::: Material supplied

(* Let $G=(\mathcal{V},\mathcal{E})$ be a directed graph on $n$ nodes, let $f\ge0$, and let $\mathbf{A}\in\mathbb{R}^{k\times n}$ be an assignment matrix. If for every $\mathcal{F}\subseteq\mathcal{V}$ with $|\mathcal{F}|\le f$, every reduced graph of $G$ with respect to $\mathcal{F}$ contains a source component with at least $\max\{f+1,sp(\mathbf{A})\}$ nodes, then $n\ge\max\{sp(\mathbf{A})+2f,\,3f+1\}$.
   Context: An assignment matrix $\mathbf{A}\in\mathbb{R}^{k\times n}$ has nonnegative entries with each column summing to $1$. Its sparsity parameter $sp(\mathbf{A})$ is the smallest integer $s$ such that the sum of any $s$ columns of $\mathbf{A}$ is component-wise positive ($sp(\mathbf{A})=n+1$ if the sum of all columns is not component-wise positive). The directed graph $G$ has no self-loops. Reduced graph: for a set $\mathcal{F}$ with $|\mathcal{F}|\le f$, a subgraph of $G$ obtained by removing all nodes in $\mathcal{F}$ together with their edges and then removing up to $f$ additional incoming edges at each remaining node. A source component of a directed graph is the set of its nodes each of which has a directed path to every other node of that graph. *)

theory Defs
  imports Complex_Main
begin

text \<open>Matrices A in R^(k x n) are represented as functions nat => nat => real,
  entry A i j for row i < k and column j < n. Graph nodes are {..<n}.\<close>

definition assignment_matrix :: "nat \<Rightarrow> nat \<Rightarrow> (nat \<Rightarrow> nat \<Rightarrow> real) \<Rightarrow> bool" where
  "assignment_matrix k n A \<longleftrightarrow>
     (\<forall>i<k. \<forall>j<n. A i j \<ge> 0) \<and> (\<forall>j<n. (\<Sum>i<k. A i j) = 1)"

definition cols_positive :: "nat \<Rightarrow> (nat \<Rightarrow> nat \<Rightarrow> real) \<Rightarrow> nat set \<Rightarrow> bool" where
  "cols_positive k A S \<longleftrightarrow> (\<forall>i<k. (\<Sum>j\<in>S. A i j) > 0)"

definition sp :: "nat \<Rightarrow> nat \<Rightarrow> (nat \<Rightarrow> nat \<Rightarrow> real) \<Rightarrow> nat" where
  "sp k n A =
     (if \<exists>s\<le>n. \<forall>S\<subseteq>{..<n}. card S = s \<longrightarrow> cols_positive k A S
      then (LEAST s. s \<le> n \<and> (\<forall>S\<subseteq>{..<n}. card S = s \<longrightarrow> cols_positive k A S))
      else n + 1)"

definition digraph_on :: "nat set \<Rightarrow> (nat \<times> nat) set \<Rightarrow> bool" where
  "digraph_on V E \<longleftrightarrow> E \<subseteq> V \<times> V \<and> (\<forall>v. (v, v) \<notin> E)"

definition reduced_graph ::
  "nat set \<Rightarrow> (nat \<times> nat) set \<Rightarrow> nat \<Rightarrow> nat set \<Rightarrow> (nat \<times> nat) set \<Rightarrow> bool" where
  "reduced_graph V E f F E' \<longleftrightarrow>
     E' \<subseteq> E \<inter> ((V - F) \<times> (V - F)) \<and>
     (\<forall>v\<in>V - F. card {u. (u, v) \<in> (E \<inter> ((V - F) \<times> (V - F))) - E'} \<le> f)"

definition source_component :: "nat set \<Rightarrow> (nat \<times> nat) set \<Rightarrow> nat set" where
  "source_component V E = {v \<in> V. \<forall>w\<in>V. (v, w) \<in> E\<^sup>*}"

end

theory Submission
  imports Defs
begin

text \<open>Let m = max (f + 1) (sp A) and suppose n < m + 2f. Delete f nodes (all, if n \<le> f) and split the
  remaining ones into a set L of fewer than m nodes and a set R of at most f nodes.
  Deleting every edge leaving R is a legal reduction, since each node loses in-edges only
  from R. Afterwards no node of R reaches L, so the source component lies inside L or
  inside R, and in both cases it has fewer than m nodes. Only the number sp A enters the
  argument.\<close>

lemma source_component_subset_if_closed:
  assumes "E `` R \<subseteq> R" and "V - R \<noteq> {}"
  shows "source_component V E \<subseteq> V - R"
proof
  fix v assume v: "v \<in> source_component V E"
  show "v \<in> V - R"
  proof (rule ccontr)
    assume "v \<notin> V - R"
    with v have "v \<in> R" by (auto simp: source_component_def)
    obtain w where w: "w \<in> V - R" using assms(2) by blast
    with v have "w \<in> E\<^sup>* `` R" using \<open>v \<in> R\<close> by (auto simp: source_component_def)
    with w show False using Image_closed_trancl[OF assms(1)] by blast
  qed
qed

lemma card_source_component_le_if_closed:
  assumes "E `` R \<subseteq> R" and "finite V"
  shows "card (source_component V E) \<le> max (card (V - R)) (card (V \<inter> R))"
proof (cases "V - R = {}")
  case True
  then have "source_component V E \<subseteq> V \<inter> R" by (auto simp: source_component_def)
  then show ?thesis using assms(2) by (simp add: card_mono le_max_iff_disj)
next
  case False
  then show ?thesis
    using source_component_subset_if_closed[OF assms(1)] assms(2)
    by (simp add: card_mono le_max_iff_disj)
qed

lemma reduced_graph_delete_out_edges:
  assumes "finite R" and "card R \<le> f"
  shows "reduced_graph V E f F {(u, v) \<in> E \<inter> ((V - F) \<times> (V - F)). u \<notin> R}"
  unfolding reduced_graph_def
proof (intro conjI ballI)
  fix v
  have "{u. (u, v) \<in> E \<inter> ((V - F) \<times> (V - F)) - {(u, v) \<in> E \<inter> ((V - F) \<times> (V - F)). u \<notin> R}}
        \<subseteq> R" by auto
  then show "card {u. (u, v) \<in> E \<inter> ((V - F) \<times> (V - F))
                   - {(u, v) \<in> E \<inter> ((V - F) \<times> (V - F)). u \<notin> R}} \<le> f"
    using assms card_mono order_trans by blast
qed auto

theorem corollary1:
  fixes n k f :: nat and E :: "(nat \<times> nat) set" and A :: "nat \<Rightarrow> nat \<Rightarrow> real"
  assumes "digraph_on {..<n} E"
    and "assignment_matrix k n A"
    and "\<forall>F E'. F \<subseteq> {..<n} \<and> card F \<le> f \<and> reduced_graph {..<n} E f F E' \<longrightarrow>
           card (source_component ({..<n} - F) E') \<ge> max (f + 1) (sp k n A)"
  shows "n \<ge> max (sp k n A + 2 * f) (3 * f + 1)"
proof (rule ccontr)
  define m where "m = max (f + 1) (sp k n A)"
  assume "\<not> ?thesis"
  then have n_less: "n < m + 2 * f" by (auto simp: m_def)
  define F where "F = {..<min f n}"
  define R where "R = {min f n + m - 1..<n}"
  define E' where "E' = {(u, v) \<in> E \<inter> (({..<n} - F) \<times> ({..<n} - F)). u \<notin> R}"
  have "reduced_graph {..<n} E f F E'"
    unfolding E'_def using n_less by (intro reduced_graph_delete_out_edges) (auto simp: R_def)
  moreover have "F \<subseteq> {..<n}" and "card F \<le> f" by (auto simp: F_def)
  ultimately have "m \<le> card (source_component ({..<n} - F) E')"
    using assms(3) unfolding m_def by blast
  also have "\<dots> \<le> max (card ({..<n} - F - R)) (card (({..<n} - F) \<inter> R))"
    by (rule card_source_component_le_if_closed) (auto simp: E'_def)
  also have "\<dots> < m"
  proof -
    have "{..<n} - F - R \<subseteq> {min f n..<min f n + m - 1}" by (auto simp: F_def R_def)
    then have "card ({..<n} - F - R) \<le> card {min f n..<min f n + m - 1}"
      by (intro card_mono) auto
    then have "card ({..<n} - F - R) \<le> m - 1" by simp
    moreover have "card (({..<n} - F) \<inter> R) \<le> card R" by (intro card_mono) (auto simp: R_def)
    moreover have "card R \<le> f" using n_less by (simp add: R_def)
    moreover have "f < m" by (simp add: m_def)
    ultimately show ?thesis by simp
  qed
  finally show False by simp
qed

end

::::::

--- Work required ---
Both the line containing "entry A i j" and the line containing "E' \<subseteq> E" belong in the answer. Print them and every line above that falls between them exactly, and no others.

--- Solution for this exercise ---
  entry A i j for row i < k and column j < n. Graph nodes are {..<n}.\<close>

definition assignment_matrix :: "nat \<Rightarrow> nat \<Rightarrow> (nat \<Rightarrow> nat \<Rightarrow> real) \<Rightarrow> bool" where
  "assignment_matrix k n A \<longleftrightarrow>
     (\<forall>i<k. \<forall>j<n. A i j \<ge> 0) \<and> (\<forall>j<n. (\<Sum>i<k. A i j) = 1)"

definition cols_positive :: "nat \<Rightarrow> (nat \<Rightarrow> nat \<Rightarrow> real) \<Rightarrow> nat set \<Rightarrow> bool" where
  "cols_positive k A S \<longleftrightarrow> (\<forall>i<k. (\<Sum>j\<in>S. A i j) > 0)"

definition sp :: "nat \<Rightarrow> nat \<Rightarrow> (nat \<Rightarrow> nat \<Rightarrow> real) \<Rightarrow> nat" where
  "sp k n A =
     (if \<exists>s\<le>n. \<forall>S\<subseteq>{..<n}. card S = s \<longrightarrow> cols_positive k A S
      then (LEAST s. s \<le> n \<and> (\<forall>S\<subseteq>{..<n}. card S = s \<longrightarrow> cols_positive k A S))
      else n + 1)"

definition digraph_on :: "nat set \<Rightarrow> (nat \<times> nat) set \<Rightarrow> bool" where
  "digraph_on V E \<longleftrightarrow> E \<subseteq> V \<times> V \<and> (\<forall>v. (v, v) \<notin> E)"

definition reduced_graph ::
  "nat set \<Rightarrow> (nat \<times> nat) set \<Rightarrow> nat \<Rightarrow> nat set \<Rightarrow> (nat \<times> nat) set \<Rightarrow> bool" where
  "reduced_graph V E f F E' \<longleftrightarrow>
     E' \<subseteq> E \<inter> ((V - F) \<times> (V - F)) \<and>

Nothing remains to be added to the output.